---------- Data to use

text \<open>Some \<open>0 < d < m\<close> puts \<open>d t\<close> into N, so \<open>d (t - f t) = 0\<close> and induction applies to
  \<open>t - f t\<close>.\<close>
lemma torsion_in_image_if_fixes_essential:
  assumes "t \<in> A" "m > 0" "nmul m t = 0"
  shows "t \<in> f ` A"
  using assms
proof (induction m arbitrary: t rule: less_induct)
  case (less m t)
  show ?case
  proof (cases "t = 0")
    case True
    then show ?thesis
      using zero_in_image by simp
  next
    case False
    obtain d where d: "0 < d" "d < m" "nmul d t \<in> N"
      using essential_in_nmul_less[OF ess A less.prems(1) False less.prems(2,3)] .
    have "t - f t \<in> A"
      using subgrp_diff[OF A less.prems(1)] maps less.prems(1) by blast
    then have "t - f t \<in> f ` A"
      using less.IH[OF d(2) _ d(1)] nmul_diff_eq_0_if_fixes_essential[OF d(3)] by blast
    then show ?thesis
      using in_image_if_diff_in_image[OF less.prems(1)] by blast
  qed
qed

lemma surj_on_if_fixes_essential: "f ` A = A"
proof (intro equalityI subsetI)
  fix y assume y: "y \<in> A"
  show "y \<in> f ` A"
  proof (cases "y = 0")
    case True
    then show ?thesis
      using zero_in_image by simp
  next
    case False
    obtain n where n: "n > 0" "nmul n y \<in> N"
      using essential_in_nmul[OF ess A y False] by blast
    have "y - f y \<in> A"
      using subgrp_diff[OF A y] maps y by blast
    then have "y - f y \<in> f ` A"
      using torsion_in_image_if_fixes_essential n(1) nmul_diff_eq_0_if_fixes_essential[OF n(2)]
      by blast
    then show ?thesis
      using in_image_if_diff_in_image[OF y] by blast
  qed
qed (use maps in blast)

lemma bij_betw_if_fixes_essential: "bij_betw f A A"
  using inj_on_if_fixes_essential surj_on_if_fixes_essential by (simp add: bij_betw_def)

end

theorem lemma2p4:
  fixes A N H K :: "'a::ab_group_add set"
  assumes "mixed_group TYPE('a)"
    and "direct_summand A (UNIV :: 'a set)"
    and "essential_in N A"
    and "int_direct_sum (UNIV :: 'a set) H K"
    and "N \<subseteq> H"
  shows "inj_on (proj H K) A \<and> direct_summand (proj H K ` A) (UNIV :: 'a set)
           \<and> direct_summand (proj H K ` A) H"
proof -
  obtain B where AB: "int_direct_sum UNIV A B"
    using assms(2) unfolding direct_summand_def by blast
  note HK = assms(4)
  have NA: "N \<subseteq> A"
    using assms(3) unfolding essential_in_def by blast
  let ?\<theta> = "\<lambda>a. proj A B (proj H K a)"
  have "additive ?\<theta>"
    by (rule additive.intro)
      (simp add: additive.add[OF additive_proj[OF AB]] additive.add[OF additive_proj[OF HK]])
  moreover have "?\<theta> ` A \<subseteq> A"
    using proj_mem[OF AB] by blast
  moreover have "?\<theta> x = x" if "x \<in> N" for x
    using proj_eq_self[OF HK] proj_eq_self[OF AB] that NA assms(5) by (simp add: subsetD)
  ultimately have bij: "bij_betw ?\<theta> A A"
    using bij_betw_if_fixes_essential[OF assms(3) int_direct_sumD(1)[OF AB]] by blast
  have G: "int_direct_sum UNIV (proj H K ` A) B"
    using int_direct_sum_image[OF AB additive_proj[OF HK] bij] .
  have "inj_on (proj A B \<circ> proj H K) A"
    using bij_betw_imp_inj_on[OF bij] by (simp add: comp_def)
  then have "inj_on (proj H K) A"
    by (rule inj_on_imageI2)
  moreover have "int_direct_sum H (proj H K ` A) (H \<inter> B)"
    using int_direct_sum_restrict[OF G int_direct_sumD(1)[OF HK]] proj_mem[OF HK] by blast
  ultimately show ?thesis
    using G unfolding direct_summand_def by blast
qed

end
lemma trunc_infdist_less_imp:
  assumes "trunc_infdist z A < r" "r \<le> 1" "A \<noteq> {}"
  shows "\<exists>a\<in>A. d z a < r"
proof -
  obtain a where a: "a \<in> A" "min 1 (d z a) < r"
    using cInf_lessD[of "(\<lambda>a. min 1 (d z a)) ` A" r] assms
    unfolding trunc_infdist_def by auto
  then have "d z a < r"
    using assms(2) by (auto simp: min_def split: if_splits)
  with a show ?thesis by blast
qed

lemma trunc_infdist_eq_0_iff:
  assumes "closedin mtopology A" "A \<noteq> {}" "z \<in> M"
  shows "trunc_infdist z A = 0 \<longleftrightarrow> z \<in> A"
proof
  assume zero: "trunc_infdist z A = 0"
  show "z \<in> A"
  proof (rule ccontr)
    assume "z \<notin> A"
    moreover have "openin mtopology (M - A)"
      using assms(1) by (simp add: closedin_def)
    ultimately obtain \<epsilon> where "\<epsilon> > 0" "mball z \<epsilon> \<subseteq> M - A"
      using assms(3) openin_mtopology by (metis Diff_iff)
    moreover obtain a where a: "a \<in> A" "d z a < min 1 \<epsilon>"
      using trunc_infdist_less_imp[of z A "min 1 \<epsilon>"] zero \<open>\<epsilon> > 0\<close> assms(2) by auto
    moreover have "a \<in> M"
      using closedin_subset[OF assms(1)] a(1) by auto
    ultimately have "a \<in> mball z \<epsilon> - (M - A)"
      using assms(3) by simp
    then show False
      using \<open>mball z \<epsilon> \<subseteq> M - A\<close> by blast
  qed
qed (use assms trunc_infdist_self in auto)

lemma trunc_infdist_image_le:
  assumes "T \<noteq> {}" "z \<in> M"
    and "\<And>t. t \<in> T \<Longrightarrow> f t \<in> M \<and> h t \<in> M \<and> d (f t) (h t) \<le> c"
  shows "trunc_infdist z (h ` T) \<le> trunc_infdist z (f ` T) + c"
proof -
  have "trunc_infdist z (h ` T) - c \<le> trunc_infdist z (f ` T)"
    unfolding trunc_infdist_def image_image
  proof (intro cINF_greatest)
    fix t assume t: "t \<in> T"
    have "(INF s\<in>T. min 1 (d z (h s))) \<le> min 1 (d z (h t))"
      using trunc_infdist_le[of "h t" "h ` T" z] t unfolding trunc_infdist_def image_image by simp
    also have "\<dots> \<le> min 1 (d z (f t)) + d (f t) (h t)"
      using triangle[of z "f t" "h t"] nonneg[of "f t" "h t"] assms(2) assms(3)[OF t]
      by (smt (verit))
    finally show "(INF s\<in>T. min 1 (d z (h s))) - c \<le> min 1 (d z (f t))"
      using assms(3)[OF t] by linarith
  qed (use assms(1) in simp)
  then show ?thesis by simp
qed

lemma trunc_infdist_diff_le_hausdist:
  assumes "A \<noteq> {}" "B \<noteq> {}" "A \<subseteq> M" "B \<subseteq> M" "z \<in> M"
  shows "\<bar>trunc_infdist z A - trunc_infdist z B\<bar> \<le> trunc_hausdist A B"
proof -
  have "\<bar>trunc_infdist z A - trunc_infdist z B\<bar> \<le> 1" for z
    using trunc_infdist_nonneg[OF assms(1), of z] trunc_infdist_nonneg[OF assms(2), of z]
      trunc_infdist_le_one[OF assms(1), of z] trunc_infdist_le_one[OF assms(2), of z]
    by (auto simp: abs_le_iff)
  then have "bdd_above ((\<lambda>z. \<bar>trunc_infdist z A - trunc_infdist z B\<bar>) ` M)"
    by (intro bdd_aboveI2)
  then show ?thesis
    unfolding trunc_hausdist_def using assms by (auto intro: cSUP_upper)
qed

lemma trunc_hausdist_le:
  assumes "A \<noteq> {}" "B \<noteq> {}" "A \<subseteq> M" "B \<subseteq> M"
    and "\<And>z. z \<in> M \<Longrightarrow> \<bar>trunc_infdist z A - trunc_infdist z B\<bar> \<le> c"
  shows "trunc_hausdist A B \<le> c"
  unfolding trunc_hausdist_def using assms by (auto intro: cSUP_least)

lemma trunc_hausdist_image_le:
  assumes "T \<noteq> {}" "\<And>t. t \<in> T \<Longrightarrow> f t \<in> M \<and> h t \<in> M \<and> d (f t) (h t) \<le> c"
  shows "trunc_hausdist (f ` T) (h ` T) \<le> c"
proof (rule trunc_hausdist_le)
  fix z assume z: "z \<in> M"
  have "trunc_infdist z (h ` T) \<le> trunc_infdist z (f ` T) + c"
    using assms z by (intro trunc_infdist_image_le)
  moreover have "trunc_infdist z (f ` T) \<le> trunc_infdist z (h ` T) + c"
    using assms z commute by (intro trunc_infdist_image_le) auto
  ultimately show "\<bar>trunc_infdist z (f ` T) - trunc_infdist z (h ` T)\<bar> \<le> c"
    by (simp add: abs_le_iff)
qed (use assms in auto)

lemma trunc_hausdist_nonneg: "0 \<le> trunc_hausdist A B"
proof (cases "A \<noteq> {} \<and> B \<noteq> {} \<and> A \<subseteq> M \<and> B \<subseteq> M")
  case True
  then obtain z where "z \<in> M" by blast
  with True show ?thesis
    using trunc_infdist_diff_le_hausdist[of A B z] by linarith
qed (auto simp: trunc_hausdist_def)
private lemma clashes_pred:
  assumes "c \<in> clashes E F" shows "Suc (c - 1) = c" "c - 1 \<notin> E" "c - 1 \<notin> clashes E F"
proof -
  have "c \<in> E" using assms unfolding clashes_def by blast
  then show "Suc (c - 1) = c" using E_ge_2 by fastforce
  then show "c - 1 \<notin> E" "c - 1 \<notin> clashes E F"
    using \<open>c \<in> E\<close> E_Suc clashes_subset by (metis, metis subsetD)
qed

lemma unclash_positions:
  "{j \<in> clash_moved E F. Suc j \<in> S \<and> Suc j \<in> pull_reduced E F} = (\<lambda>c. c - 1) ` clashes E F"
proof (intro set_eqI iffI)
  fix j assume "j \<in> {j \<in> clash_moved E F. Suc j \<in> S \<and> Suc j \<in> pull_reduced E F}"
  then have j: "j \<in> clash_moved E F" "Suc j \<in> pull E F" by (auto simp: pull_reduced_def)
  then obtain c where c: "c \<in> E" "j = (if c \<in> clashes E F then c - 1 else c)"
    unfolding clash_moved_def by blast
  have "c \<in> clashes E F"
  proof (rule ccontr)
    assume "c \<notin> clashes E F"
    then have "Suc c \<in> pull E F" using c(2) j(2) by simp
    then show False using c(1) mem_pull[of "Suc c"] E_Suc by auto
  qed
  then show "j \<in> (\<lambda>c. c - 1) ` clashes E F" using c by simp
next
  fix j assume "j \<in> (\<lambda>c. c - 1) ` clashes E F"
  then obtain c where c: "c \<in> clashes E F" "j = c - 1" by blast
  have "Suc j = c" using clashes_pred(1)[OF c(1)] c(2) by simp
  moreover have "j \<in> clash_moved E F"
    using c clashes_subset unfolding clash_moved_def by force
  moreover have "c \<notin> (\<lambda>c. c - 1) ` clashes E F"
  proof
    assume "c \<in> (\<lambda>c. c - 1) ` clashes E F"
    then obtain d where "d \<in> clashes E F" "c = d - 1" by blast
    then show False using clashes_pred(2) c(1) clashes_subset by blast
  qed
  moreover have "c \<in> S" "c \<in> pull E F" using c(1) E(1) unfolding clashes_def by auto
  ultimately show "j \<in> {j \<in> clash_moved E F. Suc j \<in> S \<and> Suc j \<in> pull_reduced E F}"
    unfolding pull_reduced_def by simp
qed
(* Let $G$ be a finite $p$-group. Then for every $k\geq 1$, $[\lambda_k(G),G^\varphi]=[G,(\lambda_k(G))^\varphi]$ in $\nu(G)$.
   Context: Conventions: ${}^gh=ghg^{-1}$ and $[g,h]=ghg^{-1}h^{-1}$. For a group $G$ let $G^\varphi$ be an isomorphic copy of $G$ via $\varphi:G\to G^\varphi$. The group $\nu(G)$ is the quotient of the free product $G\ast G^\varphi$ by the normal subgroup generated by all words ${}^{g_3}[g_1,g_2^\varphi]\cdot[{}^{g_3}g_1,({}^{g_3}g_2)^\varphi]^{-1}$ and ${}^{g_3^\varphi}[g_1,g_2^\varphi]\cdot[{}^{g_3}g_1,({}^{g_3}g_2)^\varphi]^{-1}$, $g_1,g_2,g_3\in G$. For subgroups $A,B\le G$, $[A,B^\varphi]$ is the subgroup of $\nu(G)$ generated by all $[a,b^\varphi]$, $a\in A$, $b\in B$. The lower central $p$-series is $\lambda_1(G)=G$, $\lambda_{k+1}(G)=[\lambda_k(G),G]\lambda_k(G)^p$. *)

theory Defs
  imports "HOL-Algebra.Algebra"
begin

text \<open>A letter is a generator together with a flag: (s, False) stands for s,
  (s, True) for s inverse. Words are lists of letters.\<close>

type_synonym 's letter = "'s \<times> bool"

definition inv_word :: "'s letter list \<Rightarrow> 's letter list" where
  "inv_word w = rev (map (\<lambda>(s, b). (s, \<not> b)) w)"

definition words :: "'s set \<Rightarrow> 's letter list set" where
  "words S = {w. set w \<subseteq> S \<times> UNIV}"

inductive_set pres_rel :: "'s set \<Rightarrow> 's letter list set \<Rightarrow> ('s letter list \<times> 's letter list) set"
  for S :: "'s set" and R :: "'s letter list set" where
  refl: "w \<in> words S \<Longrightarrow> (w, w) \<in> pres_rel S R"
| sym: "(u, v) \<in> pres_rel S R \<Longrightarrow> (v, u) \<in> pres_rel S R"
| trans: "(u, v) \<in> pres_rel S R \<Longrightarrow> (v, w) \<in> pres_rel S R \<Longrightarrow> (u, w) \<in> pres_rel S R"
| cancel: "s \<in> S \<Longrightarrow> ([(s, b), (s, \<not> b)], []) \<in> pres_rel S R"
| relator: "r \<in> R \<Longrightarrow> r \<in> words S \<Longrightarrow> (r, []) \<in> pres_rel S R"
| ctxt: "(u, v) \<in> pres_rel S R \<Longrightarrow> a \<in> words S \<Longrightarrow> c \<in> words S \<Longrightarrow>
         (a @ u @ c, a @ v @ c) \<in> pres_rel S R"

definition pres_mult :: "'s set \<Rightarrow> 's letter list set \<Rightarrow> 's letter list set \<Rightarrow> 's letter list set \<Rightarrow> 's letter list set" where
  "pres_mult S R A B = pres_rel S R `` {(SOME x. x \<in> A) @ (SOME y. y \<in> B)}"

definition presented_group :: "'s set \<Rightarrow> 's letter list set \<Rightarrow> 's letter list set monoid" where
  "presented_group S R =
     \<lparr> carrier = words S // pres_rel S R,
       monoid.mult = pres_mult S R,
       one = pres_rel S R `` {[]} \<rparr>"

text \<open>Generators: Inl g stands for g in G, Inr g for g^phi in G^phi.\<close>

definition comm_word :: "'s \<Rightarrow> 's \<Rightarrow> 's letter list" where
  "comm_word x y = [(x, False), (y, False), (x, True), (y, True)]"

definition conj_word :: "'s \<Rightarrow> 's letter list \<Rightarrow> 's letter list" where
  "conj_word c w = [(c, False)] @ w @ [(c, True)]"

definition gconj :: "('a, 'b) monoid_scheme \<Rightarrow> 'a \<Rightarrow> 'a \<Rightarrow> 'a" where
  "gconj G g h = g \<otimes>\<^bsub>G\<^esub> h \<otimes>\<^bsub>G\<^esub> inv\<^bsub>G\<^esub> g"

definition gcomm :: "('a, 'b) monoid_scheme \<Rightarrow> 'a \<Rightarrow> 'a \<Rightarrow> 'a" where
  "gcomm G x y = x \<otimes>\<^bsub>G\<^esub> y \<otimes>\<^bsub>G\<^esub> inv\<^bsub>G\<^esub> x \<otimes>\<^bsub>G\<^esub> inv\<^bsub>G\<^esub> y"

text \<open>Relators of the free product G * G^phi (the multiplication tables of both copies).\<close>
definition free_prod_relators :: "('a, 'b) monoid_scheme \<Rightarrow> ('a + 'a) letter list set" where
  "free_prod_relators G =
     {[(Inl g, False), (Inl h, False), (Inl (g \<otimes>\<^bsub>G\<^esub> h), True)] | g h. g \<in> carrier G \<and> h \<in> carrier G}
   \<union> {[(Inr g, False), (Inr h, False), (Inr (g \<otimes>\<^bsub>G\<^esub> h), True)] | g h. g \<in> carrier G \<and> h \<in> carrier G}
   \<union> {[(Inl \<one>\<^bsub>G\<^esub>, False)], [(Inr \<one>\<^bsub>G\<^esub>, False)]}"

definition nu_relators :: "('a, 'b) monoid_scheme \<Rightarrow> ('a + 'a) letter list set" where
  "nu_relators G =
     {conj_word (Inl g3) (comm_word (Inl g1) (Inr g2))
        @ inv_word (comm_word (Inl (gconj G g3 g1)) (Inr (gconj G g3 g2)))
      | g1 g2 g3. g1 \<in> carrier G \<and> g2 \<in> carrier G \<and> g3 \<in> carrier G}
   \<union> {conj_word (Inr g3) (comm_word (Inl g1) (Inr g2))
        @ inv_word (comm_word (Inl (gconj G g3 g1)) (Inr (gconj G g3 g2)))
      | g1 g2 g3. g1 \<in> carrier G \<and> g2 \<in> carrier G \<and> g3 \<in> carrier G}"

definition nu :: "('a, 'b) monoid_scheme \<Rightarrow> ('a + 'a) letter list set monoid" where
  "nu G = presented_group (carrier G <+> carrier G) (free_prod_relators G \<union> nu_relators G)"

definition nu_emb :: "('a, 'b) monoid_scheme \<Rightarrow> 'a \<Rightarrow> ('a + 'a) letter list set" where
  "nu_emb G g = pres_rel (carrier G <+> carrier G) (free_prod_relators G \<union> nu_relators G) `` {[(Inl g, False)]}"

definition nu_phi :: "('a, 'b) monoid_scheme \<Rightarrow> 'a \<Rightarrow> ('a + 'a) letter list set" where
  "nu_phi G g = pres_rel (carrier G <+> carrier G) (free_prod_relators G \<union> nu_relators G) `` {[(Inr g, False)]}"

definition nu_comm_subgroup :: "('a, 'b) monoid_scheme \<Rightarrow> 'a set \<Rightarrow> 'a set \<Rightarrow> ('a + 'a) letter list set set" where
  "nu_comm_subgroup G A B =
     generate (nu G) {gcomm (nu G) (nu_emb G a) (nu_phi G b) | a b. a \<in> A \<and> b \<in> B}"

text \<open>lcp_aux G p k is lambda_(k+1)(G).\<close>
primrec lcp_aux :: "('a, 'b) monoid_scheme \<Rightarrow> nat \<Rightarrow> nat \<Rightarrow> 'a set" where
  "lcp_aux G p 0 = carrier G"
| "lcp_aux G p (Suc k) =
     generate G ({gcomm G x y | x y. x \<in> lcp_aux G p k \<and> y \<in> carrier G}
                 \<union> {x [^]\<^bsub>G\<^esub> p | x. x \<in> lcp_aux G p k})"

definition lower_central_p :: "('a, 'b) monoid_scheme \<Rightarrow> nat \<Rightarrow> nat \<Rightarrow> 'a set" where
  "lower_central_p G p k = lcp_aux G p (k - 1)"

definition p_group :: "('a, 'b) monoid_scheme \<Rightarrow> nat \<Rightarrow> bool" where
  "p_group G p \<longleftrightarrow> group G \<and> finite (carrier G) \<and> Factorial_Ring.prime p \<and> (\<exists>n. card (carrier G) = p ^ n)"

end

theory Submission
  imports Defs
begin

--------------------

▶ Task objective: All that is wanted is an exact copy of the lines above from the one with "c \<le> trunc_infdist" through the one with "qed (use assms(1) in simp)", with both ends included.

▶ Reply to the task:
  have "trunc_infdist z (h ` T) - c \<le> trunc_infdist z (f ` T)"
    unfolding trunc_infdist_def image_image
  proof (intro cINF_greatest)
    fix t assume t: "t \<in> T"
    have "(INF s\<in>T. min 1 (d z (h s))) \<le> min 1 (d z (h t))"
      using trunc_infdist_le[of "h t" "h ` T" z] t unfolding trunc_infdist_def image_image by simp
    also have "\<dots> \<le> min 1 (d z (f t)) + d (f t) (h t)"
      using triangle[of z "f t" "h t"] nonneg[of "f t" "h t"] assms(2) assms(3)[OF t]
      by (smt (verit))
    finally show "(INF s\<in>T. min 1 (d z (h s))) - c \<le> min 1 (d z (f t))"
      using assms(3)[OF t] by linarith
  qed (use assms(1) in simp)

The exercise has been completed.